Pour l'amour de Bethléem

Pour l’amour de Bethléem : ma ville emmurée. Vera Baboun. 2016, Bayard

Le livre témoignage de Vera Baboun offre un regard inattendu sur la Palestine. Alors que le Proche-Orient est généralement considéré comme le lieu d'un conflit entre juifs et musulmans, cette femme, qui a dirigé la mairie de Bethléem, affirme avec force sa foi chrétienne.
Elle rappelle que sa ville a toujours été dirigée par une Municipalité (à majorité) chrétienne. Jérusalem et Bethléem ne sont distantes que de 9 km mais l'enfermement, l'emmurement de la cité de la Nativité y rend la vie sans espoir. Les chrétiens, qui en ont les moyens, fuient la ville et émigrent. Par conséquent la précarité s'installe, la violence croit simultanément à l'islamisation de la population.
Pendant son mandat, Vera Baboun n'a pas cessé de dénoncer cette fatalité et de rappeler la souffrance de ses concitoyens. Le droit à l'éducation, le droit à la santé sont soumis au bon vouloir d'Israël qui décide unilatéralement de l'accès aux infrastructures de Jérusalem.
Sous prétexte d'assurer la sécurité de ses colons, il confisque les terres et barre l'accès des agriculteurs à leurs champs. Bethléem s'asphyxie.

L'emmurement est l'une des pratiques les plus radicales qu'une communauté humaine puisse endurer. Elle place les uns à l'intérieur de murs, et les autres à l’extérieur.
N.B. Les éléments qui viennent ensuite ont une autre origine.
(* Let $\vec G_0$ be a directed graph with Eulerian Laplacian $\mathbf{L}_{\vec G_0}$, let $\beta>0$, and let $\vec G_1 = \mathcal{U}^{(\beta)}(\vec G_0)$ be its $\beta$-partial-symmetrization. Then $\mathbf{L}_{\vec G_1}^+$ is a $\big(1-\frac{1}{1+\beta}\big)$-approximate pseudoinverse of $\mathbf{L}_{\vec G_0}$ with respect to $\mathbf{U}_{\mathbf{L}_{\vec G_1}}$.
   Context: For a weighted directed graph $\vec G$ with adjacency matrix $\mathbf{A}_{\vec G}(i,j)=\omega((i,j))$ and diagonal out-degree matrix $\mathbf{D}_{\vec G}$, $\mathbf{L}_{\vec G}=\mathbf{D}_{\vec G}-\mathbf{A}_{\vec G}^T$; it is Eulerian if $\mathbf{L}_{\vec G}\mathbf{1}=\mathbf{0}$. The undirectification $\mathcal{U}(\vec G)$ is the undirected graph with edge $\{u,v\}$ of weight $\frac12(\omega(u,v)+\omega(v,u))$ (with $\omega=0$ for non-edges), viewed as a directed graph with both orientations. The $\beta$-partial-symmetrization is $\mathcal{U}^{(\beta)}(\vec G)=\beta\cdot\mathcal{U}(\vec G)+\vec G$, so $\mathbf{L}_{\mathcal{U}^{(\beta)}(\vec G)}=\beta\mathbf{U}_{\mathbf{L}_{\vec G}}+\mathbf{L}_{\vec G}$, where $\mathbf{U}_{\mathbf{M}}=\frac12(\mathbf{M}+\mathbf{M}^T)$. For PSD $\mathbf{H}$, $\|\mathbf{M}\|_{\mathbf{H}\to\mathbf{H}}=\max_{\mathbf{x}\neq0}\|\mathbf{M}\mathbf{x}\|_{\mathbf{H}}/\|\mathbf{x}\|_{\mathbf{H}}$, $\|\mathbf{x}\|_{\mathbf{H}}=\sqrt{\mathbf{x}^T\mathbf{H}\mathbf{x}}$. $\mathbf{Z}$ is an $\epsilon$-approximate pseudoinverse of $\mathbf{M}$ with respect to PSD $\mathbf{U}$ if $\ker(\mathbf{U})\subseteq\ker(\mathbf{M})=\ker(\mathbf{M}^T)=\ker(\mathbf{Z})=\ker(\mathbf{Z}^T)$ and $\|\mathbf{I}_{\operatorname{im}(\mathbf{M})}-\mathbf{Z}\mathbf{M}\|_{\mathbf{U}\to\mathbf{U}}\le\epsilon$. *)

theory Defs
  imports "HOL-Analysis.Analysis"
begin

text \<open>A weighted directed graph on the finite vertex type 'n is given by its
  weight function w, with w i j = omega((i,j)) >= 0 (w i j = 0 for non-edges).\<close>

definition weighted_digraph :: "('n::finite \<Rightarrow> 'n \<Rightarrow> real) \<Rightarrow> bool" where
  "weighted_digraph w \<longleftrightarrow> (\<forall>i j. 0 \<le> w i j)"

definition adj_mat :: "('n::finite \<Rightarrow> 'n \<Rightarrow> real) \<Rightarrow> real^'n^'n" where
  "adj_mat w = (\<chi> i j. w i j)"

definition outdeg_mat :: "('n::finite \<Rightarrow> 'n \<Rightarrow> real) \<Rightarrow> real^'n^'n" where
  "outdeg_mat w = (\<chi> i j. if i = j then (\<Sum>k\<in>UNIV. w i k) else 0)"

definition dlap :: "('n::finite \<Rightarrow> 'n \<Rightarrow> real) \<Rightarrow> real^'n^'n" where
  "dlap w = outdeg_mat w - transpose (adj_mat w)"

definition eulerian :: "('n::finite \<Rightarrow> 'n \<Rightarrow> real) \<Rightarrow> bool" where
  "eulerian w \<longleftrightarrow> dlap w *v (\<chi> i. 1) = 0"

text \<open>Undirectification, viewed as a directed graph with both orientations.\<close>
definition undirectify :: "('n \<Rightarrow> 'n \<Rightarrow> real) \<Rightarrow> ('n \<Rightarrow> 'n \<Rightarrow> real)" where
  "undirectify w = (\<lambda>u v. (w u v + w v u) / 2)"

definition partial_sym :: "real \<Rightarrow> ('n \<Rightarrow> 'n \<Rightarrow> real) \<Rightarrow> ('n \<Rightarrow> 'n \<Rightarrow> real)" where
  "partial_sym \<beta> w = (\<lambda>u v. \<beta> * undirectify w u v + w u v)"

definition sym_part :: "real^'n^'n \<Rightarrow> real^'n^'n" where
  "sym_part M = (1/2) *\<^sub>R (M + transpose M)"

definition psd :: "real^'n^'n \<Rightarrow> bool" where
  "psd H \<longleftrightarrow> transpose H = H \<and> (\<forall>x. 0 \<le> x \<bullet> (H *v x))"

definition ker_mat :: "real^'n^'m \<Rightarrow> (real^'n) set" where
  "ker_mat M = {x. M *v x = 0}"

definition im_mat :: "real^'n^'m \<Rightarrow> (real^'m) set" where
  "im_mat M = range (\<lambda>x. M *v x)"

definition pinv :: "real^'n^'n \<Rightarrow> real^'n^'n" where
  "pinv M = (THE X. M ** X ** M = M \<and> X ** M ** X = X \<and>
                    transpose (M ** X) = M ** X \<and> transpose (X ** M) = X ** M)"

definition proj_im :: "real^'n^'n \<Rightarrow> real^'n^'n" where
  "proj_im M = (THE P. transpose P = P \<and> P ** P = P \<and> im_mat P = im_mat M)"

definition hnorm :: "real^'n^'n \<Rightarrow> real^'n \<Rightarrow> real" where
  "hnorm H x = sqrt (x \<bullet> (H *v x))"

definition hopnorm :: "real^'n^'n \<Rightarrow> real^'n^'n \<Rightarrow> real" where
  "hopnorm H M = Sup {hnorm H (M *v x) / hnorm H x | x. x \<noteq> 0}"

definition approx_pinv :: "real \<Rightarrow> real^'n^'n \<Rightarrow> real^'n^'n \<Rightarrow> real^'n^'n \<Rightarrow> bool" where
  "approx_pinv \<epsilon> Z M U \<longleftrightarrow>
     psd U \<and>
     ker_mat U \<subseteq> ker_mat M \<and> ker_mat M = ker_mat (transpose M) \<and>
     ker_mat (transpose M) = ker_mat Z \<and> ker_mat Z = ker_mat (transpose Z) \<and>
     hopnorm U (proj_im M - Z ** M) \<le> \<epsilon>"

end

(*
  The Eulerian property makes in- and out-degrees agree, so x^T L x = 1/2 sum w_ij (x_i - x_j)^2
  for L = L_G0: this form is nonnegative, and L, L^T and U_L all have the same kernel, the vectors
  constant along edges. The partial symmetrization has Laplacian L_1 = L + beta U_L with
  U_L1 = (1 + beta) U_L and again the same kernel, so L_1^+ L_1 is the orthogonal projection onto
  im L and

    I_im(L) - L_1^+ L = L_1^+ (L_1 - L) = beta / (1 + beta) * L_1^+ U_L1.

  Finally L_1^+ U_L1 is a contraction in the U_L1-norm: y = L_1^+ U_L1 x solves L_1 y = U_L1 x,
  hence y^T U_L1 y = y^T L_1 y = y^T U_L1 x, and expanding (y - x)^T U_L1 (y - x) >= 0 gives
  y^T U_L1 y <= x^T U_L1 x.
*)

theory Submission
  imports Defs
begin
A partir du moment où vous emmurez une communauté, vous créez un nouvel état d'esprit favorable aux comportements radicaux. Une situation anormale engendre un radicalisme anormal. Le radicalisme n'est pas seulement une opinion. C'est une violence concrète dirigée contre soi-même et contre les autres. Les femmes font partie de ces « autres ». Plus notre communauté sera soumise à la violence, à l'occupation, aux blocages, à l'emmurement, plus le radicalisme s'aggravera. Et plus les femmes seront opprimées.
Au contraire, si vous favorisez l'émergence d'un espace où règnent l'égalité des chances, la justice, une vie « normale », vous laissez place au développement d'un mode de vie non radical, tourné vers le monde. Un environnement sain génère une mentalité saine. Un environnement malsain, créé une mentalité malsaine.

p. 27–28

Vera Babouin s'est engagée sans relâche pour faire connaître cette réalité à l'opinion publique occidentale. Elle a aussi mobilisé la diaspora pour raviver son sentiment d'appartenance à une terre. Les Palestiniens, dont un grand nombre a émigré en Amérique latine, sont invités à revendiquer le droit à leur terre ou, ad minima, à visiter les églises et les sites historiques de leur pays d'origine. Cette tentative ambitieuse n'est pas dénuée de sens : c'est par la diaspora que l'identité du peuple arménien se maintient. et que le pays survit,
Par son courage et son engagement, Vera Baboun offre aussi un modèle de réussite aux femmes qui sont les premières victimes de la politique d'emmurement.